7.9.08




I’ve been scanning some old poetry book covers for my revamped web site. My very first book was a pocket-sized publication printed in clandestine, at night, on offcuts in a big offset printery in Melbourne where a budding-publisher friend of mine worked during the day. It was called Sureblock, a word that had come to me in a dream. The cover image was a detail from a picture by Maurits Escher. The little book was 12cm x 16cm. On the title page - a nicely anarchic instruction to ignore copyright and the first page carried a dedication to two outlaw cowgirls and a quote from Antonin Artaud that I often find myself agreeing with to this day, thirty six years later.








2 comments:

Louise said...

i often wonder what artaud would have done with the world wide web as it seems that 'it' rather than film would satisfy his idea of a perfect form for art. i have a newspaper clipping of him from 'joan of arc' one of the handful of films in which he acted.
he looked magnificent, all darkness and brood.

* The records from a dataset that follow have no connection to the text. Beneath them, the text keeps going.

lemma sum_update_component:
  fixes \<phi> :: "'n::finite \<Rightarrow> real \<Rightarrow> real"
  shows "(\<Sum>j\<in>UNIV. \<phi> j ((z + t *\<^sub>R axis i 1) $ j))
           = (\<Sum>j\<in>UNIV. \<phi> j (z $ j)) + (\<phi> i (z $ i + t) - \<phi> i (z $ i))"
proof -
  have "(\<Sum>j\<in>UNIV. \<phi> j ((z + t *\<^sub>R axis i 1) $ j) - \<phi> j (z $ j))
      = (\<Sum>j\<in>UNIV. if j = i then \<phi> i (z $ i + t) - \<phi> i (z $ i) else 0)"
    by (intro sum.cong) (auto simp: axis_def)
  then show ?thesis by (simp add: sum_subtractf)
qed

lemma separably_penalized_quad_form_min_coordinate:
  fixes A :: "real^'n^'n" and \<phi> :: "'n \<Rightarrow> real \<Rightarrow> real"
  assumes "transpose A = A"
    and "\<And>w. 1/2 * quad_form A z + (\<Sum>j\<in>UNIV. \<phi> j (z $ j))
               \<le> 1/2 * quad_form A w + (\<Sum>j\<in>UNIV. \<phi> j (w $ j))"
  shows "0 \<le> (A *v z) $ i * t + (quad_form A (axis i 1) / 2) * t\<^sup>2 + (\<phi> i (z $ i + t) - \<phi> i (z $ i))"
proof -
  have "quad_form A (z + t *\<^sub>R axis i 1) = quad_form A z + 2 * t * (A *v z) $ i + t\<^sup>2 * quad_form A (axis i 1)"
    using quad_form_add[OF assms(1), of z "t *\<^sub>R axis i 1"]
      symmetric_matrix_inner_commute[OF assms(1), of z "axis i 1"]
    by (simp add: quad_form_scaleR matrix_vector_mult_scaleR inner_axis inner_axis')
  then show ?thesis
    using assms(2)[of "z + t *\<^sub>R axis i 1"] unfolding sum_update_component
    by (simp add: algebra_simps)
qed

lemma nonneg_on_right_imp_linear_coeff_nonneg:
  fixes c b \<epsilon> :: real
  assumes "\<epsilon> > 0" and nonneg: "\<And>t. 0 < t \<Longrightarrow> t < \<epsilon> \<Longrightarrow> 0 \<le> c * t + b * t\<^sup>2"
  shows "0 \<le> c"
proof (rule ccontr)
  assume "\<not> 0 \<le> c"
  define t where "t = min (\<epsilon>/2) (-c / (2 * \<bar>b\<bar> + 1))"
  have t: "0 < t" "t < \<epsilon>" using \<open>\<not> 0 \<le> c\<close> assms(1) by (auto simp: t_def divide_neg_pos)
  have "t \<le> -c / (2 * \<bar>b\<bar> + 1)" by (simp add: t_def)
  then have "t * (2 * \<bar>b\<bar> + 1) \<le> -c" by (simp only: pos_le_divide_eq)
  with t have "\<bar>b\<bar> * t < -c/2" by (simp add: algebra_simps)
  moreover have "b * t \<le> \<bar>b\<bar> * t" using t by (simp add: mult_right_mono)
  ultimately have "c + b * t < 0" using \<open>\<not> 0 \<le> c\<close> by linarith
  with t have "t * (c + b * t) < 0" by (simp add: mult_pos_neg)
  with nonneg[OF t] show False by (simp add: algebra_simps power2_eq_square)
qed

lemma nonneg_near_zero_imp_linear_coeff_zero:
  fixes c b \<epsilon> :: real
  assumes "\<epsilon> > 0" and nonneg: "\<And>t. \<bar>t\<bar> < \<epsilon> \<Longrightarrow> 0 \<le> c * t + b * t\<^sup>2"
  shows "c = 0"
proof -
  have "0 \<le> c" using nonneg_on_right_imp_linear_coeff_nonneg[of \<epsilon> c b] assms by auto
  moreover have "0 \<le> -c"
    using nonneg_on_right_imp_linear_coeff_nonneg[of \<epsilon> "-c" b] assms(1) nonneg[of "-_"] by auto
  ultimately show ?thesis by simp
qed

lemma nonneg_with_abs_imp_abs_coeff_le:
  fixes c b :: real
  assumes nonneg: "\<And>t. 0 \<le> c * t + b * t\<^sup>2 + \<bar>t\<bar>"
  shows "\<bar>c\<bar> \<le> 1"
proof -
  have "0 \<le> c + 1"
  proof (rule nonneg_on_right_imp_linear_coeff_nonneg[of 1 _ b])
    fix t :: real assume "0 < t"
    then show "0 \<le> (c + 1) * t + b * t\<^sup>2" using nonneg[of t] by (simp add: algebra_simps)
  qed simp
  moreover have "0 \<le> 1 - c"
  proof (rule nonneg_on_right_imp_linear_coeff_nonneg[of 1 _ b])
    fix t :: real assume "0 < t"
    then show "0 \<le> (1 - c) * t + b * t\<^sup>2" using nonneg[of "- t"] by (simp add: algebra_simps)
  qed simp
  ultimately show ?thesis by linarith
qed

text \<open>With \<open>s = sign_vec \<theta>0\<close>, \<open>lasso_direction_penalty s j x\<close> is the first-order part of
  \<open>|\<theta>0 j + x| - |\<theta>0 j|\<close> for small \<open>x\<close>.\<close>

definition lasso_direction_penalty :: "real^'n \<Rightarrow> 'n \<Rightarrow> real \<Rightarrow> real" where
  "lasso_direction_penalty s j x = (if s $ j \<noteq> 0 then s $ j * x else \<bar>x\<bar>)"

lemma lasso_direction_obj_has_min:
  fixes A :: "real^'n^'n" and s :: "real^'n"
  assumes "pos_def A" and "\<And>i. \<bar>s $ i\<bar> \<le> 1"
  obtains z where "\<And>w. 1/2 * quad_form A z + (\<Sum>j\<in>UNIV. lasso_direction_penalty s j (z $ j))
                       \<le> 1/2 * quad_form A w + (\<Sum>j\<in>UNIV. lasso_direction_penalty s j (w $ j))"
proof -
  let ?\<phi> = "lasso_direction_penalty s"
  have scaled: "\<bar>s $ j * x\<bar> \<le> \<bar>x\<bar>" for j x
    using assms(2)[of j] by (simp add: abs_mult mult_left_le_one_le)
  have lower: "?\<phi> j x \<ge> -\<bar>x\<bar>" for j x
    using abs_le_D2[OF scaled[of j x]] by (simp add: lasso_direction_penalty_def)
  have cont: "continuous_on UNIV (?\<phi> j)" for j
    by (cases "s $ j \<noteq> 0") (auto simp: lasso_direction_penalty_def intro!: continuous_intros)
  have zero: "?\<phi> j 0 = 0" for j by (simp add: lasso_direction_penalty_def)
  show ?thesis
    by (rule separably_penalized_quad_form_has_min[of A ?\<phi>, OF assms(1) lower cont zero]) (rule that)
qed

lemma exists_lasso_direction:
  fixes A :: "real^'n^'n" and s :: "real^'n"
  assumes "pos_def A" and s_bound: "\<And>i. \<bar>s $ i\<bar> \<le> 1"
  obtains z where "\<And>i. \<bar>(A *v z) $ i\<bar> \<le> 1"
    and "\<And>i. s $ i \<noteq> 0 \<Longrightarrow> (A *v z) $ i = - s $ i"
    and "\<And>i. s $ i = 0 \<Longrightarrow> z $ i \<noteq> 0 \<Longrightarrow> (A *v z) $ i = - sgn (z $ i)"
proof -
  let ?\<phi> = "lasso_direction_penalty s"
  obtain z where "\<And>w. 1/2 * quad_form A z + (\<Sum>j\<in>UNIV. ?\<phi> j (z $ j))
                       \<le> 1/2 * quad_form A w + (\<Sum>j\<in>UNIV. ?\<phi> j (w $ j))"
    using lasso_direction_obj_has_min[OF assms] by blast
  with assms(1) have coord: "0 \<le> (A *v z) $ i * t + (quad_form A (axis i 1) / 2) * t\<^sup>2
                                  + (?\<phi> i (z $ i + t) - ?\<phi> i (z $ i))" for i t
    by (intro separably_penalized_quad_form_min_coordinate) (simp_all add: pos_def_def)
  have on_s: "(A *v z) $ i = - s $ i" if "s $ i \<noteq> 0" for i
  proof -
    have "(A *v z) $ i + s $ i = 0"
    proof (rule nonneg_near_zero_imp_linear_coeff_zero[of 1 _ "quad_form A (axis i 1) / 2"])
      fix t :: real
      show "0 \<le> ((A *v z) $ i + s $ i) * t + quad_form A (axis i 1) / 2 * t\<^sup>2"
        using coord[of i t] that by (simp add: lasso_direction_penalty_def algebra_simps)
    qed simp
    then show ?thesis by linarith
  qed
  have off_s: "(A *v z) $ i = - sgn (z $ i)" if "s $ i = 0" "z $ i \<noteq> 0" for i
  proof -
    have "(A *v z) $ i + sgn (z $ i) = 0"
    proof (rule nonneg_near_zero_imp_linear_coeff_zero[of "\<bar>z $ i\<bar>" _ "quad_form A (axis i 1) / 2"])
      fix t :: real assume "\<bar>t\<bar> < \<bar>z $ i\<bar>"
      then have "?\<phi> i (z $ i + t) - ?\<phi> i (z $ i) = sgn (z $ i) * t"
        using \<open>s $ i = 0\<close> by (cases "z $ i > 0") (auto simp: lasso_direction_penalty_def sgn_if)
      then show "0 \<le> ((A *v z) $ i + sgn (z $ i)) * t + quad_form A (axis i 1) / 2 * t\<^sup>2"
        using coord[of i t] by (simp add: algebra_simps)
    qed (use \<open>z $ i \<noteq> 0\<close> in simp)
    then show ?thesis by linarith
  qed
  have "\<bar>(A *v z) $ i\<bar> \<le> 1" if "s $ i = 0" "z $ i = 0" for i
    using coord[of i] that
    by (intro nonneg_with_abs_imp_abs_coeff_le[where b = "quad_form A (axis i 1) / 2"]) (simp add: lasso_direction_penalty_def)
  with on_s off_s s_bound have bounded: "\<bar>(A *v z) $ i\<bar> \<le> 1" for i
    by (cases "s $ i = 0"; cases "z $ i = 0") (auto simp: abs_sgn_eq)
  show ?thesis by (rule that[OF bounded on_s off_s])
qed

definition is_sub_inv :: "real^'n^'n \<Rightarrow> 'n set \<Rightarrow> ('n \<Rightarrow> 'n \<Rightarrow> real) \<Rightarrow> bool" where
  "is_sub_inv A T B \<longleftrightarrow> (\<forall>i j. (i \<notin> T \<or> j \<notin> T) \<longrightarrow> B i j = 0) \<and>
      (\<forall>i\<in>T. \<forall>j\<in>T. (\<Sum>k\<in>T. A $ i $ k * B k j) = (if i = j then 1 else 0)) \<and>
      (\<forall>i\<in>T. \<forall>j\<in>T. (\<Sum>k\<in>T. B i k * A $ k $ j) = (if i = j then 1 else 0))"

lemma is_sub_inv_unique:
  assumes "is_sub_inv A T B1" "is_sub_inv A T B2"
  shows "B1 = B2"
proof (intro ext)
  fix i j
  show "B1 i j = B2 i j"
  proof (cases "i \<in> T \<and> j \<in> T")
    case False
    then show ?thesis using assms by (auto simp: is_sub_inv_def)
  next
    case True
    have "B1 i j = (\<Sum>k\<in>T. B1 i k * (if k = j then 1 else 0))"
      using True by (simp add: of_bool_def[symmetric])
    also have "\<dots> = (\<Sum>k\<in>T. B1 i k * (\<Sum>m\<in>T. A $ k $ m * B2 m j))"
      using assms(2) True by (intro sum.cong) (auto simp: is_sub_inv_def)
    also have "\<dots> = (\<Sum>k\<in>T. \<Sum>m\<in>T. B1 i k * A $ k $ m * B2 m j)"
      by (simp add: sum_distrib_left mult.assoc)
    also have "\<dots> = (\<Sum>m\<in>T. (\<Sum>k\<in>T. B1 i k * A $ k $ m) * B2 m j)"
      by (subst sum.swap) (simp add: sum_distrib_right)
    also have "\<dots> = (\<Sum>m\<in>T. (if i = m then 1 else 0) * B2 m j)"
      using assms(1) True by (intro sum.cong) (auto simp: is_sub_inv_def)
    also have "\<dots> = B2 i j" using True by (simp add: of_bool_def[symmetric])
    finally show ?thesis .
  qed
qed

text \<open>Padding \<open>A(T,T)\<close> with the identity off \<open>T\<close> gives an invertible matrix whose inverse
  restricts to an inverse of \<open>A(T,T)\<close>.\<close>

definition principal_pad :: "real^'n^'n \<Rightarrow> 'n set \<Rightarrow> real^'n^'n" where
  "principal_pad A T = (\<chi> i j. if i \<in> T \<and> j \<in> T then A $ i $ j else if i = j then 1 else 0)"

definition restrict_vec :: "'n set \<Rightarrow> real^'n \<Rightarrow> real^'n" where
  "restrict_vec T x = (\<chi> i. if i \<in> T then x $ i else 0)"

lemma principal_pad_mult_vec:
  "(principal_pad A T *v x) $ i = (if i \<in> T then (A *v restrict_vec T x) $ i else x $ i)"
proof (cases "i \<in> T")
  case True
  then show ?thesis
    unfolding principal_pad_def restrict_vec_def matrix_vector_mult_def by (auto intro!: sum.cong)
next
  case False
  have "(\<Sum>j\<in>UNIV. (if i = j then 1 else 0) * x $ j) = x $ i" by (simp add: of_bool_def[symmetric])
  with False show ?thesis by (simp add: principal_pad_def matrix_vector_mult_def)
qed

lemma principal_pad_quad_form:
  "x \<bullet> (principal_pad A T *v x)
     = quad_form A (restrict_vec T x) + (\<Sum>i\<in>UNIV. if i \<in> T then 0 else (x $ i)\<^sup>2)"
proof -
  have "x \<bullet> (principal_pad A T *v x)
      = (\<Sum>i\<in>UNIV. (restrict_vec T x) $ i * (A *v restrict_vec T x) $ i + (if i \<in> T then 0 else (x $ i)\<^sup>2))"
    unfolding inner_vec_def principal_pad_mult_vec
    by (intro sum.cong) (auto simp: restrict_vec_def power2_eq_square)
  then show ?thesis by (simp add: sum.distrib quad_form_def inner_vec_def)
qed

lemma pos_def_principal_pad:
  assumes "pos_def A" "x \<noteq> 0"
  shows "x \<bullet> (principal_pad A T *v x) > 0"
proof (cases "restrict_vec T x = 0")
  case True
  with \<open>x \<noteq> 0\<close> obtain i where "i \<notin> T" "x $ i \<noteq> 0"
    by (auto simp: restrict_vec_def vec_eq_iff split: if_splits)
  then have "(\<Sum>i\<in>UNIV. if i \<in> T then 0 else (x $ i)\<^sup>2) > 0"
    by (intro sum_pos2[where i=i]) auto
  with True show ?thesis by (simp add: principal_pad_quad_form quad_form_def)
next
  case False
  have "(\<Sum>i\<in>UNIV. if i \<in> T then 0 else (x $ i)\<^sup>2) \<ge> 0" by (intro sum_nonneg) auto
  with pos_def_quad_form_pos[OF assms(1) False] show ?thesis by (simp add: principal_pad_quad_form)
qed

lemma invertible_if_quad_pos:
  fixes M :: "real^'n^'n"
  assumes "\<And>x. x \<noteq> 0 \<Longrightarrow> x \<bullet> (M *v x) > 0"
  obtains B where "B ** M = mat 1" "M ** B = mat 1"
proof -
  have "\<forall>x. M *v x = 0 \<longrightarrow> x = 0" using assms by force
  then obtain B where "B ** M = mat 1" using matrix_left_invertible_ker by blast
  then show ?thesis using that matrix_left_right_inverse by blast
qed

lemma exists_sub_inv:
  fixes A :: "real^'n^'n"
  assumes "pos_def A"
  obtains B where "is_sub_inv A T B"
proof -
  let ?M = "principal_pad A T"
  obtain C where C: "C ** ?M = mat 1" "?M ** C = mat 1"
    using invertible_if_quad_pos[of ?M, OF pos_def_principal_pad[OF assms]] by blast
  define B where "B i j = (if i \<in> T \<and> j \<in> T then C $ i $ j else 0)" for i j
  have "(\<Sum>k\<in>T. A $ i $ k * B k j) = (?M ** C) $ i $ j"
       "(\<Sum>k\<in>T. B i k * A $ k $ j) = (C ** ?M) $ i $ j" if "i \<in> T" "j \<in> T" for i j
    unfolding matrix_matrix_mult_def using that
    by (auto simp: principal_pad_def B_def intro: sum.mono_neutral_cong_left)
  then have "is_sub_inv A T B" using C by (simp add: is_sub_inv_def B_def mat_def)
  then show ?thesis by (rule that)
qed

lemma sub_inv_is_sub_inv:
  assumes "pos_def A"
  shows "is_sub_inv A T (sub_inv A T)"
proof -
  obtain B where B: "is_sub_inv A T B" using exists_sub_inv[OF assms] .
  show ?thesis
    unfolding sub_inv_def is_sub_inv_def[symmetric]
    by (rule theI[of _ B]) (use B is_sub_inv_unique in auto)
qed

i think he was a gifted innovator, hindered of course by madness, but looking at the way he saw forward but couldn't get there himself, perhaps he wasn't crazy, just too early and too burdened...i guess you would have read sontag on him.

ps good luck with yr new book and cool cover on sureblock

pb said...

Dear Louise, hi,

Yes - I read Susan Sontag's essay in the 80s - a decade after she wrote it - I remember her gist being that Antonin Artaud isn't obscure or irrelevant providing you only attend to his ideas - if you read his work, you're a goner.

And that his posthumous status as a modern classic has rendered his work ineffective.

I read Artaud when I was young and interested in everything provocative and a little crazy. (see what happens when growing up on a Queensland army bases!)